══ Input material
(* Let $F$ be a hyperfield and let $p$ be a polynomial over $F$ of degree $2$ or $3$. Then $p$ is irreducible if and only if $p$ has no root in $F$.
   Context: A hyperfield is a set $F$ with a commutative multiplication and a multivalued addition $\boxplus:F\times F\to\mathcal P(F)$ such that: there are unique $0,1\in F$ with $(F,\cdot,1)$ a commutative monoid and $F\setminus\{0\}$ a group; $ab\boxplus ac=\{ad: d\in b\boxplus c\}$; and $(F,\boxplus,0)$ is a commutative hypergroup (with additive inverses $-a$, $0\in a\boxplus(-a)$). Iterated sums: $\boxplus_{i=1}^n a_i=\bigcup_{b\in\boxplus_{i=1}^{n-1}a_i} b\boxplus a_n$. A polynomial over $F$ is a finitely supported sequence $(c_i)$ in $F$, written $\sum c_iT^i$, with degree the largest $k$ with $c_k\ne0$. Hyperproduct: $p\boxdot q=\{\sum e_iT^i : e_i\in \boxplus_{k+l=i} c_kd_l\}$. $p\sim q$ means $p\in a\boxdot q$ for some nonzero $a\in F$; $p$ is irreducible if $\deg p\ge1$ and $p\in q_1\boxdot q_2$ implies $p\sim q_1$ or $p\sim q_2$. An element $a\in F$ is a root of $p=\sum c_iT^i$ if $0\in\boxplus_i c_ia^i$. (Known fact used freely: $a$ is a root of $p$ iff $p\in(T-a)\boxdot q$ for some polynomial $q$.) *)

theory Defs
  imports Main
begin

(* A hyperfield is given on the ambient type 'a (carrier = UNIV) by
   a multiplication mul, a multivalued addition add, and constants zero, one. *)

definition hadd_set :: "('a \<Rightarrow> 'a \<Rightarrow> 'a set) \<Rightarrow> 'a set \<Rightarrow> 'a \<Rightarrow> 'a set" where
  "hadd_set add S x = (\<Union>b\<in>S. add b x)"

definition hyperfield :: "('a \<Rightarrow> 'a \<Rightarrow> 'a) \<Rightarrow> ('a \<Rightarrow> 'a \<Rightarrow> 'a set) \<Rightarrow> 'a \<Rightarrow> 'a \<Rightarrow> bool" where
  "hyperfield mul add zero one \<longleftrightarrow>
     \<comment> \<open>(F, mul, one) commutative monoid\<close>
     (\<forall>a b. mul a b = mul b a) \<and>
     (\<forall>a b c. mul (mul a b) c = mul a (mul b c)) \<and>
     (\<forall>a. mul one a = a) \<and>
     \<comment> \<open>F minus {0} is a group under mul\<close>
     zero \<noteq> one \<and>
     (\<forall>a b. a \<noteq> zero \<longrightarrow> b \<noteq> zero \<longrightarrow> mul a b \<noteq> zero) \<and>
     (\<forall>a. a \<noteq> zero \<longrightarrow> (\<exists>b. b \<noteq> zero \<and> mul a b = one)) \<and>
     \<comment> \<open>distributivity\<close>
     (\<forall>a b c. add (mul a b) (mul a c) = (\<lambda>d. mul a d) ` add b c) \<and>
     \<comment> \<open>(F, add, zero) commutative hypergroup\<close>
     (\<forall>a b. add a b \<noteq> {}) \<and>
     (\<forall>a b. add a b = add b a) \<and>
     (\<forall>a b c. hadd_set add (add a b) c = (\<Union>x\<in>add b c. add a x)) \<and>
     (\<forall>a. add zero a = {a}) \<and>
     (\<forall>a. \<exists>!b. zero \<in> add a b) \<and>
     (\<forall>a b c. c \<in> add a b \<longrightarrow> (\<forall>nb. zero \<in> add b nb \<longrightarrow> a \<in> add c nb))"

fun hsum :: "('a \<Rightarrow> 'a \<Rightarrow> 'a set) \<Rightarrow> 'a \<Rightarrow> 'a list \<Rightarrow> 'a set" where
  "hsum add zero [] = {zero}"
| "hsum add zero (x # xs) = foldl (hadd_set add) {x} xs"

definition is_poly :: "'a \<Rightarrow> (nat \<Rightarrow> 'a) \<Rightarrow> bool" where
  "is_poly zero c \<longleftrightarrow> finite {i. c i \<noteq> zero}"

definition has_degree :: "'a \<Rightarrow> (nat \<Rightarrow> 'a) \<Rightarrow> nat \<Rightarrow> bool" where
  "has_degree zero c k \<longleftrightarrow> c k \<noteq> zero \<and> (\<forall>i>k. c i = zero)"

definition hpmult :: "('a \<Rightarrow> 'a \<Rightarrow> 'a) \<Rightarrow> ('a \<Rightarrow> 'a \<Rightarrow> 'a set) \<Rightarrow> 'a
     \<Rightarrow> (nat \<Rightarrow> 'a) \<Rightarrow> (nat \<Rightarrow> 'a) \<Rightarrow> (nat \<Rightarrow> 'a) set" where
  "hpmult mul add zero c d =
     {e. is_poly zero e \<and>
         (\<forall>i. e i \<in> hsum add zero (map (\<lambda>k. mul (c k) (d (i - k))) [0..<Suc i]))}"

definition const_poly :: "'a \<Rightarrow> 'a \<Rightarrow> nat \<Rightarrow> 'a" where
  "const_poly zero a = (\<lambda>i. if i = 0 then a else zero)"

definition assoc_poly :: "('a \<Rightarrow> 'a \<Rightarrow> 'a) \<Rightarrow> ('a \<Rightarrow> 'a \<Rightarrow> 'a set) \<Rightarrow> 'a
     \<Rightarrow> (nat \<Rightarrow> 'a) \<Rightarrow> (nat \<Rightarrow> 'a) \<Rightarrow> bool" where
  "assoc_poly mul add zero p q \<longleftrightarrow>
     (\<exists>a. a \<noteq> zero \<and> p \<in> hpmult mul add zero (const_poly zero a) q)"

definition hirreducible :: "('a \<Rightarrow> 'a \<Rightarrow> 'a) \<Rightarrow> ('a \<Rightarrow> 'a \<Rightarrow> 'a set) \<Rightarrow> 'a
     \<Rightarrow> (nat \<Rightarrow> 'a) \<Rightarrow> bool" where
  "hirreducible mul add zero p \<longleftrightarrow>
     (\<exists>k\<ge>1. has_degree zero p k) \<and>
     (\<forall>q1 q2. is_poly zero q1 \<longrightarrow> is_poly zero q2 \<longrightarrow> p \<in> hpmult mul add zero q1 q2 \<longrightarrow>
        assoc_poly mul add zero p q1 \<or> assoc_poly mul add zero p q2)"

definition hpow :: "('a \<Rightarrow> 'a \<Rightarrow> 'a) \<Rightarrow> 'a \<Rightarrow> 'a \<Rightarrow> nat \<Rightarrow> 'a" where
  "hpow mul one a n = ((mul a) ^^ n) one"

definition is_root :: "('a \<Rightarrow> 'a \<Rightarrow> 'a) \<Rightarrow> ('a \<Rightarrow> 'a \<Rightarrow> 'a set) \<Rightarrow> 'a \<Rightarrow> 'a
     \<Rightarrow> (nat \<Rightarrow> 'a) \<Rightarrow> 'a \<Rightarrow> bool" where
  "is_root mul add zero one p a \<longleftrightarrow>
     (\<exists>n. has_degree zero p n \<and>
        zero \<in> hsum add zero (map (\<lambda>i. mul (p i) (hpow mul one a i)) [0..<Suc n]))"

end

theory Submission
  imports Defs
begin

text \<open>A root \<open>a\<close> of \<open>p\<close> splits off the factor \<open>T - a\<close>: the cofactor is built from the partial
  sums of \<open>\<boxplus>\<^sub>i p\<^sub>i a\<^sup>i\<close>, which start at \<open>p\<^sub>0\<close> and, \<open>a\<close> being a root, can be chosen to end
  at \<open>0\<close>. Conversely, a factor \<open>c\<^sub>0 + c\<^sub>1 T\<close> of \<open>p\<close> makes those partial sums telescope, so
  \<open>-c\<^sub>0/c\<^sub>1\<close> is a root. Degrees add under the hyperproduct, because the top coefficient of a
  product is a single product of nonzero elements. Hence a root of \<open>p\<close> with \<open>deg p \<ge> 2\<close> gives
  a factorisation into factors of degrees 1 and \<open>deg p - 1\<close>, neither associate to \<open>p\<close>; and
  when \<open>deg p \<le> 3\<close>, a factorisation without a constant factor has a linear factor, hence a
  root.\<close>

locale hyperfield_structure =
  fixes mul :: "'a \<Rightarrow> 'a \<Rightarrow> 'a" and add :: "'a \<Rightarrow> 'a \<Rightarrow> 'a set" and zero one :: 'a
  assumes mul_commute: "mul a b = mul b a"
    and mul_assoc: "mul (mul a b) c = mul a (mul b c)"
    and mul_one_left [simp]: "mul one a = a"
    and zero_neq_one [simp]: "zero \<noteq> one"
    and mul_nonzero: "a \<noteq> zero \<Longrightarrow> b \<noteq> zero \<Longrightarrow> mul a b \<noteq> zero"
    and mul_inverse_exists: "a \<noteq> zero \<Longrightarrow> \<exists>b. b \<noteq> zero \<and> mul a b = one"
    and add_mul_distrib: "add (mul a b) (mul a c) = mul a ` add b c"
    and add_commute: "add a b = add b a"
    and hadd_set_add_assoc: "hadd_set add (add a b) c = (\<Union>x\<in>add b c. add a x)"
    and add_zero_left [simp]: "add zero a = {a}"
    and neg_ex1: "\<exists>!b. zero \<in> add a b"
    and add_reversible_neg: "c \<in> add a b \<Longrightarrow> zero \<in> add b b' \<Longrightarrow> a \<in> add c b'"

lemma hyperfield_structureI:
  "hyperfield mul add zero one \<Longrightarrow> hyperfield_structure mul add zero one"
  unfolding hyperfield_def by unfold_locales (elim conjE; metis)+

sublocale hyperfield_structure \<subseteq> mul: abel_semigroup mul
  by unfold_locales (rule mul_assoc, rule mul_commute)

context hyperfield_structure
begin

lemmas mul_ac = mul.assoc mul.commute mul.left_commute

lemma one_neq_zero [simp]: "one \<noteq> zero"
  using zero_neq_one by metis

lemma mul_one_right [simp]: "mul a one = a"
  using mul_commute mul_one_left by metis

lemma add_zero_right [simp]: "add a zero = {a}"
  using add_commute add_zero_left by metis
lemma tHn_eq:
  assumes "s \<noteq> 0"
  shows "tHn Y1 Z1 Z (lead th_ols) (lead th_2sls) s s = d \<bullet> ((B ** matrix_inv C ** A) *v d) / s"
proof -
  note inverses = matrix_inv_diff_matrix_inv[OF invertible_A invertible_B,
      folded gram_Vh_eq_diff, OF gram_Vh]
  have "tHn Y1 Z1 Z (lead th_ols) (lead th_2sls) s s
      = d \<bullet> (matrix_inv (s *\<^sub>R (matrix_inv A - matrix_inv B)) *v d)"
    by (simp add: tHn_def Let_def d_def scaleR_diff_right)
  then show ?thesis
    by (simp add: matrix_inv_scaleR[OF assms inverses(1)] inverses(2)
        scaleR_matrix_vector_assoc[symmetric] divide_inverse mult.commute)
qed

lemma norm_e_cf:
  "(norm e_cf)\<^sup>2 = (norm e_ols)\<^sup>2 - d \<bullet> ((B ** matrix_inv C ** A) *v d)"
  "(norm e_cf)\<^sup>2 = (norm e_2sls)\<^sup>2 - d \<bullet> ((B ** matrix_inv C ** A) *v d) - d \<bullet> (B *v d)"
proof -
  have "transpose B = B"
    by (simp add: matrix_transpose_mul annih_symmetric[OF gram_Z1] matrix_mul_assoc)
  then have "rho_cf \<bullet> (C *v rho_cf) = d \<bullet> ((B ** matrix_inv C ** A) *v d) + d \<bullet> (B *v d)"
    using quadratic_form_solution gram_Vh gram_Vh_rho_cf unfolding gram_Vh_eq_diff by blast
  then show "(norm e_cf)\<^sup>2 = (norm e_ols)\<^sup>2 - d \<bullet> ((B ** matrix_inv C ** A) *v d)"
    "(norm e_cf)\<^sup>2 = (norm e_2sls)\<^sup>2 - d \<bullet> ((B ** matrix_inv C ** A) *v d) - d \<bullet> (B *v d)"
    using norm_e_2sls_cf norm_e_2sls_ols by linarith+
qed

end

theorem lemma2:
  fixes Y1 :: "real^'k^'n" and Y2 :: "real^'n"
    and Z1 :: "real^'p^'n" and Z2 :: "real^'q^'n"
  defines "Z \<equiv> hcat Z1 Z2"
    and "X \<equiv> hcat Y1 Z1"
  defines "Vh \<equiv> annih Z ** Y1"
  defines "th_ols \<equiv> lsq X Y2"
    and "th_2sls \<equiv> tsls Z X Y2"
    and "cf \<equiv> lsq (hcat X Vh) Y2"
  defines "b_ols \<equiv> lead th_ols"
    and "b_2sls \<equiv> lead th_2sls"
    and "th_cf \<equiv> (\<chi> i. cf $ Inl i)"
    and "rho_cf \<equiv> (\<chi> i. cf $ Inr i)"
  defines "s2u \<equiv> (norm (Y2 - X *v th_cf - Vh *v rho_cf))\<^sup>2 / real CARD('n)"
    and "s2ols \<equiv> (norm (Y2 - X *v th_ols))\<^sup>2 / real CARD('n)"
    and "s2tsls \<equiv> (norm (Y2 - X *v th_2sls))\<^sup>2 / real CARD('n)"
  defines "tH1 \<equiv> tHn Y1 Z1 Z b_ols b_2sls s2ols s2ols"
    and "tH2 \<equiv> tHn Y1 Z1 Z b_ols b_2sls s2tsls s2tsls"
  defines "Hn \<equiv> (b_ols - b_2sls) \<bullet> ((transpose Y1 ** annih Z1 ** Y1) *v (b_ols - b_2sls))
                 / (real CARD('n) * s2tsls)"
  assumes "invertible (transpose Z ** Z)"
    and "invertible (transpose X ** X)"
    and "invertible (transpose X ** projm Z ** X)"
    and "invertible (transpose (hcat X Vh) ** hcat X Vh)"
    and "s2u > 0" and "s2ols > 0" and "s2tsls > 0"
    and "invertible (tHmat Y1 Z1 Z s2ols s2ols)"
    and "invertible (tHmat Y1 Z1 Z s2tsls s2tsls)"
  shows "s2u = s2ols * (1 - tH1 / real CARD('n))
       \<and> s2u = s2tsls * (1 - tH2 / real CARD('n) - Hn)"
proof -
  interpret iv: iv_regression Y1 Y2 Z1 Z2
    using \<open>invertible (transpose Z ** Z)\<close> \<open>invertible (transpose X ** X)\<close>
      \<open>invertible (transpose X ** projm Z ** X)\<close>
      \<open>invertible (transpose (hcat X Vh) ** hcat X Vh)\<close>
    unfolding Z_def X_def Vh_def by unfold_locales
  define q where "q = iv.d \<bullet> ((iv.B ** matrix_inv iv.C ** iv.A) *v iv.d)"
  define b where "b = iv.d \<bullet> (iv.B *v iv.d)"
  define N where "N = real CARD('n)"
  have residuals: "s2u = (norm iv.e_cf)\<^sup>2 / N" "s2ols = (norm iv.e_ols)\<^sup>2 / N"
    "s2tsls = (norm iv.e_2sls)\<^sup>2 / N"
    by (simp_all add: s2u_def s2ols_def s2tsls_def iv.e_cf_def iv.e_ols_def iv.e_2sls_def
        iv.th_cf_def iv.rho_cf_def iv.cf_def iv.th_ols_def iv.th_2sls_def th_cf_def rho_cf_def
        cf_def th_ols_def th_2sls_def Z_def X_def Vh_def N_def)
  have "N > 0"
    by (simp add: N_def)
  have tH: "tH1 = q / s2ols" "tH2 = q / s2tsls"
    using iv.tHn_eq \<open>s2ols > 0\<close> \<open>s2tsls > 0\<close>
    by (simp_all add: tH1_def tH2_def q_def b_ols_def b_2sls_def th_ols_def th_2sls_def
        iv.th_ols_def iv.th_2sls_def Z_def X_def)
  have Hn: "Hn = b / (N * s2tsls)"
    by (simp add: Hn_def b_def N_def iv.d_def b_ols_def b_2sls_def th_ols_def th_2sls_def
        iv.th_ols_def iv.th_2sls_def Z_def X_def)
  have "s2u = s2ols - q / N"
    using iv.norm_e_cf(1) residuals unfolding q_def by (simp add: diff_divide_distrib)
  moreover have "s2u = s2tsls - q / N - b / N"
    using iv.norm_e_cf(2) residuals unfolding q_def b_def by (simp add: diff_divide_distrib)
  moreover have "s2ols * (1 - tH1 / N) = s2ols - q / N"
    using \<open>s2ols > 0\<close> by (simp add: tH field_simps)
  moreover have "s2tsls * (1 - tH2 / N - Hn) = s2tsls - q / N - b / N"
    using \<open>s2tsls > 0\<close> \<open>N > 0\<close> by (simp add: tH Hn field_simps)
  ultimately show ?thesis
    by (simp add: N_def)
qed

end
════
Whichever lines of the records above hold the word "factorisation" should all be copied out.

  a factorisation into factors of degrees 1 and \<open>deg p - 1\<close>, neither associate to \<open>p\<close>; and
  when \<open>deg p \<le> 3\<close>, a factorisation without a constant factor has a linear factor, hence a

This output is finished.